[Stored data]

[Start of Attachment]

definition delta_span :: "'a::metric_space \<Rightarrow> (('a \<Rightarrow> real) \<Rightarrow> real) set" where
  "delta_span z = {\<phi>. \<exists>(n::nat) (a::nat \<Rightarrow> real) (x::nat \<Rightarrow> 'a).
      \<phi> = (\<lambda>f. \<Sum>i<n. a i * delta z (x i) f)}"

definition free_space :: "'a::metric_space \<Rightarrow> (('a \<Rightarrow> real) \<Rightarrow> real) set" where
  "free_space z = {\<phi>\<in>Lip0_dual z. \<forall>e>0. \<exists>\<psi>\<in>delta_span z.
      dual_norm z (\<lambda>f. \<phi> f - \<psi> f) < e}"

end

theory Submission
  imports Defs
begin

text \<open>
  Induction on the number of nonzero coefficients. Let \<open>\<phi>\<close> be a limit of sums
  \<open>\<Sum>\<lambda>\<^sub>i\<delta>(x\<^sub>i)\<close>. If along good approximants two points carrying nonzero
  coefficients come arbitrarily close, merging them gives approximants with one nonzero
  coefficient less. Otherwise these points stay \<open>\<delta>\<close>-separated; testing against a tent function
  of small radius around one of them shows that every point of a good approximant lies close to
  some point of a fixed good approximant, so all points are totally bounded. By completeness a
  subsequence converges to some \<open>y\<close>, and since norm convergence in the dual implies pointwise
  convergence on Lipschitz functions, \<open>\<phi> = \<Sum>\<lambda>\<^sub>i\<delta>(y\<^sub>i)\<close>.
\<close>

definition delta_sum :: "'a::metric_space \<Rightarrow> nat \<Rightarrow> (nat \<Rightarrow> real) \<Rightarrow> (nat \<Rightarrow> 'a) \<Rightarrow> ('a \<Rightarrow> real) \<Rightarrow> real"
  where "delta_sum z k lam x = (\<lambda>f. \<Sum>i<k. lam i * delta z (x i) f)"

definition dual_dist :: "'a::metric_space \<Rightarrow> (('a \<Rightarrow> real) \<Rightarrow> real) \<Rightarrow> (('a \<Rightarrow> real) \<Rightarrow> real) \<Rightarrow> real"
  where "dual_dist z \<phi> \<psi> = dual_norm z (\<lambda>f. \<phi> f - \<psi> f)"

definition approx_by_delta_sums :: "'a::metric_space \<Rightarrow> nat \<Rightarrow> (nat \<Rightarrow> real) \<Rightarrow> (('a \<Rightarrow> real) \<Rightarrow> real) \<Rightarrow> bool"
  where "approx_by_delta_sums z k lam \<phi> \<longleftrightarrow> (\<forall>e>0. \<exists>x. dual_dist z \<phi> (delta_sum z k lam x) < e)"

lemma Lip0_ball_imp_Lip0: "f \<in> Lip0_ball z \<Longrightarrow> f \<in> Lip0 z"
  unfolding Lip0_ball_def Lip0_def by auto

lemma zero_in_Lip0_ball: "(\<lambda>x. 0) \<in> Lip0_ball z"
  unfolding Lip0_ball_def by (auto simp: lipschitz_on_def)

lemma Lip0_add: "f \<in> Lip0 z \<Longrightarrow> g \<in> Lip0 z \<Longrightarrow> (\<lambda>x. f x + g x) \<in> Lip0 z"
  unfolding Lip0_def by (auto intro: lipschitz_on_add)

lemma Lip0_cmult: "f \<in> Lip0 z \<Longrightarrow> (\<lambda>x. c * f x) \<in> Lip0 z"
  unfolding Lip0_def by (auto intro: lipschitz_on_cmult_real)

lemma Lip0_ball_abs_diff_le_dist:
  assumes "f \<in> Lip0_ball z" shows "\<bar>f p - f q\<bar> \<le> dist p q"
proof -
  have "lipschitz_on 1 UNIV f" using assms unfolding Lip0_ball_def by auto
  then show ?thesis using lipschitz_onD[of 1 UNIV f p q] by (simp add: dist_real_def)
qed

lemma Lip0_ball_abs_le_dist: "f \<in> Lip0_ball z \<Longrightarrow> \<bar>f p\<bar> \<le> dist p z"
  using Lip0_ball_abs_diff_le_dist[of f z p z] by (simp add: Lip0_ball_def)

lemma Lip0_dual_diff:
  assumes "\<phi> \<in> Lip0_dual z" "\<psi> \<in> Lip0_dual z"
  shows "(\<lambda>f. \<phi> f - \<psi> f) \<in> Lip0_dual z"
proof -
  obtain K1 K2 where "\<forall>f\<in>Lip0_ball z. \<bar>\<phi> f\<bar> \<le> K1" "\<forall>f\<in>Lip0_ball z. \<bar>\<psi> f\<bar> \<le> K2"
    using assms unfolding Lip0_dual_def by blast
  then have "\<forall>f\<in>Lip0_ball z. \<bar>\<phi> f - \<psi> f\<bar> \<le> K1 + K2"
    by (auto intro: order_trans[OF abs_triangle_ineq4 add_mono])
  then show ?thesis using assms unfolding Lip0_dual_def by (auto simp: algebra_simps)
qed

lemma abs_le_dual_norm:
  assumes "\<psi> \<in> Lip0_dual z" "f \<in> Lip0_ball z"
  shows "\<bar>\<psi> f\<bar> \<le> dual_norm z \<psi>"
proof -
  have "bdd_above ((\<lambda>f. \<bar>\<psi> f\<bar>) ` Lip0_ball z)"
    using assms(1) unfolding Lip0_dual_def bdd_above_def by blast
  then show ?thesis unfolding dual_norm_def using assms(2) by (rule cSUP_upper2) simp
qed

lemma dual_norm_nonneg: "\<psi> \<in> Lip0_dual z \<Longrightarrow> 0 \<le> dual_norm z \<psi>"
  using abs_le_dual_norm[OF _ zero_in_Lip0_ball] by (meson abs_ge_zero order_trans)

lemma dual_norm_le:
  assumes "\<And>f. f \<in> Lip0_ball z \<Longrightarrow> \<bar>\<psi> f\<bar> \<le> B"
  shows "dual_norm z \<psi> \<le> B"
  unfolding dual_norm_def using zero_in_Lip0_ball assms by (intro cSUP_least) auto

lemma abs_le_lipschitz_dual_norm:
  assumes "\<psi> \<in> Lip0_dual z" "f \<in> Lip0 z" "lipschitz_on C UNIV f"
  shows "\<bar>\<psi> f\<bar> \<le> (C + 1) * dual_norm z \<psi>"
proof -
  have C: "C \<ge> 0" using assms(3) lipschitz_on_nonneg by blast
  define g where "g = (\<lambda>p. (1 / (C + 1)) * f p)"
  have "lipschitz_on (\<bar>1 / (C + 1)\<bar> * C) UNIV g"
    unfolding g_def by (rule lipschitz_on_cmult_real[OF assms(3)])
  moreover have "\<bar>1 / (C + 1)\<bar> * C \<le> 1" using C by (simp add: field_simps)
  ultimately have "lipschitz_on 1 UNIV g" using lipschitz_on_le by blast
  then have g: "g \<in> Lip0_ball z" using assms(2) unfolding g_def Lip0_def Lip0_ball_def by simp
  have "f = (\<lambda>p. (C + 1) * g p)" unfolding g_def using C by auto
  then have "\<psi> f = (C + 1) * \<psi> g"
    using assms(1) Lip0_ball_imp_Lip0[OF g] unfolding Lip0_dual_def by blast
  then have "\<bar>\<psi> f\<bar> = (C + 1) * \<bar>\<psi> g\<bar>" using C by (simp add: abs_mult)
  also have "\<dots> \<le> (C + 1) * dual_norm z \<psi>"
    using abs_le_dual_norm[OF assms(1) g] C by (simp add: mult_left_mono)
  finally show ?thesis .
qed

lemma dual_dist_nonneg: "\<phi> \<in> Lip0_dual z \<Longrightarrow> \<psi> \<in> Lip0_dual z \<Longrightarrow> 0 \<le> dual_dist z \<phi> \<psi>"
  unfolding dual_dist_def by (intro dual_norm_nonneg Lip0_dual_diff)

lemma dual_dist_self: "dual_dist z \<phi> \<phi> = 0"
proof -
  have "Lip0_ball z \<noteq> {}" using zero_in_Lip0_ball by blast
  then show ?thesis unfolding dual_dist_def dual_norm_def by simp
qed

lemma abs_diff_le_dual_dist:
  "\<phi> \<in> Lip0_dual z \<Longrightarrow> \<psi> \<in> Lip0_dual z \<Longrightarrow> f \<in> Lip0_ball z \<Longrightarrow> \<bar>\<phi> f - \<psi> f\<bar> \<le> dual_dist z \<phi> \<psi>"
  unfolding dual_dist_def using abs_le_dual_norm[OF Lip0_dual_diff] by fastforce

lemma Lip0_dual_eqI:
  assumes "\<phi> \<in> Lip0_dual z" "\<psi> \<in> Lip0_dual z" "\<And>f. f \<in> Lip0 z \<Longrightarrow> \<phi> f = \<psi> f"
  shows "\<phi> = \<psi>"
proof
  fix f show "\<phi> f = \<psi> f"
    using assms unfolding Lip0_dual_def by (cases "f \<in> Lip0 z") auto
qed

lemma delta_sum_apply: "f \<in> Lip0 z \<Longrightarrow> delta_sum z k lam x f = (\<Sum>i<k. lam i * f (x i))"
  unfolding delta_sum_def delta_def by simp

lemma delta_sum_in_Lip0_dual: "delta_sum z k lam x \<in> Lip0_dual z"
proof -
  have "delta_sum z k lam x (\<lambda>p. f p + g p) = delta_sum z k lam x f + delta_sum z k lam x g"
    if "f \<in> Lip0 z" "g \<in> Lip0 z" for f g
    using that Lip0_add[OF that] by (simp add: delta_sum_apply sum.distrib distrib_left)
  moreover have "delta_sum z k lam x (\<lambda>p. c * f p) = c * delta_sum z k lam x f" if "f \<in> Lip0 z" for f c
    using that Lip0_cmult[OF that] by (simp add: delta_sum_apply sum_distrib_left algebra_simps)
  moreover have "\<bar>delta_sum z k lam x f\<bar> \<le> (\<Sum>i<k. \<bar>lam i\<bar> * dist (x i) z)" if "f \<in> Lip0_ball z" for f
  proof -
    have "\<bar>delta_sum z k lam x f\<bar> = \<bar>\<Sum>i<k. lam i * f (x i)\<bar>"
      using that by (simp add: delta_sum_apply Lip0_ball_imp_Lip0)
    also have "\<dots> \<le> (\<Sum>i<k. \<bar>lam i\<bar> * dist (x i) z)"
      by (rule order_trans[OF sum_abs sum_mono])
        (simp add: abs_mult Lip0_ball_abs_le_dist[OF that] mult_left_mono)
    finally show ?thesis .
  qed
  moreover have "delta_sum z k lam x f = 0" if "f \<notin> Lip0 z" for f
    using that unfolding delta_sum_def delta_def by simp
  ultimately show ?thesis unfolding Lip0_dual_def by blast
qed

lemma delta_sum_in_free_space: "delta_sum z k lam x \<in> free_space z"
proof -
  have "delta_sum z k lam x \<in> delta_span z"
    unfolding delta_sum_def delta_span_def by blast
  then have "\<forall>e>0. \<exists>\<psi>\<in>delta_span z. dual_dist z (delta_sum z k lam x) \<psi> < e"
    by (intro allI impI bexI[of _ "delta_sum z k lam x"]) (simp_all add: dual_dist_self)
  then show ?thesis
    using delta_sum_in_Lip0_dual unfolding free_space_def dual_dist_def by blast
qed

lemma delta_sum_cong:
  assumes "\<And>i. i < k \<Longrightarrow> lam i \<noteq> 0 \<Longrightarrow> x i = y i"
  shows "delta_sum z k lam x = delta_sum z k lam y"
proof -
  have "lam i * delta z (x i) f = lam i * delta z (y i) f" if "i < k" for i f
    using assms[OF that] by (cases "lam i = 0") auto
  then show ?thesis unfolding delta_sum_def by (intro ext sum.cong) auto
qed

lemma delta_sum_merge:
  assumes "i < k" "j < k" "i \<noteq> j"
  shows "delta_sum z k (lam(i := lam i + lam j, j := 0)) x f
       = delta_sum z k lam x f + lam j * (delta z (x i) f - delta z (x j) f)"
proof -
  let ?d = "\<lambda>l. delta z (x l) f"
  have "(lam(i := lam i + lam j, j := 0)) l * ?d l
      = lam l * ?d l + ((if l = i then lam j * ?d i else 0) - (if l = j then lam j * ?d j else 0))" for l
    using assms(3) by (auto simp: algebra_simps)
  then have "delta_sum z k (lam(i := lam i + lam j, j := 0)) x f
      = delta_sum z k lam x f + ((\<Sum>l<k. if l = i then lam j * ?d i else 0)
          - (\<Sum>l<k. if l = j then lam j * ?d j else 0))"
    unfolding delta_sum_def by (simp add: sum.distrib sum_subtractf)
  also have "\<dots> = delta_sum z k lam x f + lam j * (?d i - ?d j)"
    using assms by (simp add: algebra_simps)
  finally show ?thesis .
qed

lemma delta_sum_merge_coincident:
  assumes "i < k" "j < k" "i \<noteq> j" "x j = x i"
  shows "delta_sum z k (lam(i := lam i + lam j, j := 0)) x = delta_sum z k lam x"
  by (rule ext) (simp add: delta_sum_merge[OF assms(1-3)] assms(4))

[End of Attachment]
[Start of Attachment]

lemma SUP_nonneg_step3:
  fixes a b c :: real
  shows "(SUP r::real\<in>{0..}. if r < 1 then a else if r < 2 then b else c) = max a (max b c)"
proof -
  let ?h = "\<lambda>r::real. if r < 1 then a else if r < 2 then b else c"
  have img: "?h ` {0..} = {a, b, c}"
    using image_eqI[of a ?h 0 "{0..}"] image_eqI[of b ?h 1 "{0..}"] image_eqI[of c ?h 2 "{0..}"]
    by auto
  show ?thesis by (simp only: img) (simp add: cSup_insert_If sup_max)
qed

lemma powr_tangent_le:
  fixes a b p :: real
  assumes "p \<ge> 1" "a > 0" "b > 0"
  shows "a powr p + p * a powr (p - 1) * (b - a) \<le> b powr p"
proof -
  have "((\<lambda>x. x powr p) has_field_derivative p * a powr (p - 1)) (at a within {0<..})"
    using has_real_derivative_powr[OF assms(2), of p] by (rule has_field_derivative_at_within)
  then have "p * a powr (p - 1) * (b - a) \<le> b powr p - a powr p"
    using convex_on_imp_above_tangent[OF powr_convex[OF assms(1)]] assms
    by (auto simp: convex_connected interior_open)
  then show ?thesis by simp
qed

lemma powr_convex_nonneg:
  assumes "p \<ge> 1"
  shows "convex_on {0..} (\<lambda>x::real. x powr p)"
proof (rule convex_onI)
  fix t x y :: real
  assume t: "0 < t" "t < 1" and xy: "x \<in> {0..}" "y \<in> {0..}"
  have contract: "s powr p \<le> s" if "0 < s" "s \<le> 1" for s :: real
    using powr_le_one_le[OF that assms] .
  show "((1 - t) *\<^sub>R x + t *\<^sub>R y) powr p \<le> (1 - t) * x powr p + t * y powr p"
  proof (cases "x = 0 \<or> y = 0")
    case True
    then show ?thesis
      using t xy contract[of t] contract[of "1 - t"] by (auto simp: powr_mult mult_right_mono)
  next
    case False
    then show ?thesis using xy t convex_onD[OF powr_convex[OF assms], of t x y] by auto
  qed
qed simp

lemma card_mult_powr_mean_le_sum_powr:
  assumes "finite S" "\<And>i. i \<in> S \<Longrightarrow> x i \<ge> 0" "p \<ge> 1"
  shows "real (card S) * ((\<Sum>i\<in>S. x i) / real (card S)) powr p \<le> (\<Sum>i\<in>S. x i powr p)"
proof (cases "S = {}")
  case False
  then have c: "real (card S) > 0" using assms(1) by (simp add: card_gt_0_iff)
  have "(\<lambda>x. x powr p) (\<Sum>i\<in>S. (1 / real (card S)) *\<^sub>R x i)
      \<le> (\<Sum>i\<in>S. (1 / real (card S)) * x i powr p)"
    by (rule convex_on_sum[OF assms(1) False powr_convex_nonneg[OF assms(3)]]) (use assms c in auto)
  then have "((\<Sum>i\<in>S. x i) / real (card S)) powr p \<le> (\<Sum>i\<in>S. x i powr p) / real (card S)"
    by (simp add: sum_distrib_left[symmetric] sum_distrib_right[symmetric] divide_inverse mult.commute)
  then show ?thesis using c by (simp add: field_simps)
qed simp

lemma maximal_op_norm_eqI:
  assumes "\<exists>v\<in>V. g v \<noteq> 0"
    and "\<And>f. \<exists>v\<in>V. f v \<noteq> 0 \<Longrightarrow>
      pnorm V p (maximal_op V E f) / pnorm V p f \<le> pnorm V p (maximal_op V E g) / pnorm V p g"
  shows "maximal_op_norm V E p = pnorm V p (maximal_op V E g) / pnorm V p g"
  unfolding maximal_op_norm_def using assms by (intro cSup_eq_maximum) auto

[End of Attachment]

#### [What to do]
Give back, word for word, only the lines above from the line holding "fix t x y :: real" to the line holding "pnorm V p (maximal_op V E f)", both included.

#### [Solution for this problem]
  fix t x y :: real
  assume t: "0 < t" "t < 1" and xy: "x \<in> {0..}" "y \<in> {0..}"
  have contract: "s powr p \<le> s" if "0 < s" "s \<le> 1" for s :: real
    using powr_le_one_le[OF that assms] .
  show "((1 - t) *\<^sub>R x + t *\<^sub>R y) powr p \<le> (1 - t) * x powr p + t * y powr p"
  proof (cases "x = 0 \<or> y = 0")
    case True
    then show ?thesis
      using t xy contract[of t] contract[of "1 - t"] by (auto simp: powr_mult mult_right_mono)
  next
    case False
    then show ?thesis using xy t convex_onD[OF powr_convex[OF assms], of t x y] by auto
  qed
qed simp

lemma card_mult_powr_mean_le_sum_powr:
  assumes "finite S" "\<And>i. i \<in> S \<Longrightarrow> x i \<ge> 0" "p \<ge> 1"
  shows "real (card S) * ((\<Sum>i\<in>S. x i) / real (card S)) powr p \<le> (\<Sum>i\<in>S. x i powr p)"
proof (cases "S = {}")
  case False
  then have c: "real (card S) > 0" using assms(1) by (simp add: card_gt_0_iff)
  have "(\<lambda>x. x powr p) (\<Sum>i\<in>S. (1 / real (card S)) *\<^sub>R x i)
      \<le> (\<Sum>i\<in>S. (1 / real (card S)) * x i powr p)"
    by (rule convex_on_sum[OF assms(1) False powr_convex_nonneg[OF assms(3)]]) (use assms c in auto)
  then have "((\<Sum>i\<in>S. x i) / real (card S)) powr p \<le> (\<Sum>i\<in>S. x i powr p) / real (card S)"
    by (simp add: sum_distrib_left[symmetric] sum_distrib_right[symmetric] divide_inverse mult.commute)
  then show ?thesis using c by (simp add: field_simps)
qed simp

lemma maximal_op_norm_eqI:
  assumes "\<exists>v\<in>V. g v \<noteq> 0"
    and "\<And>f. \<exists>v\<in>V. f v \<noteq> 0 \<Longrightarrow>
      pnorm V p (maximal_op V E f) / pnorm V p f \<le> pnorm V p (maximal_op V E g) / pnorm V p g"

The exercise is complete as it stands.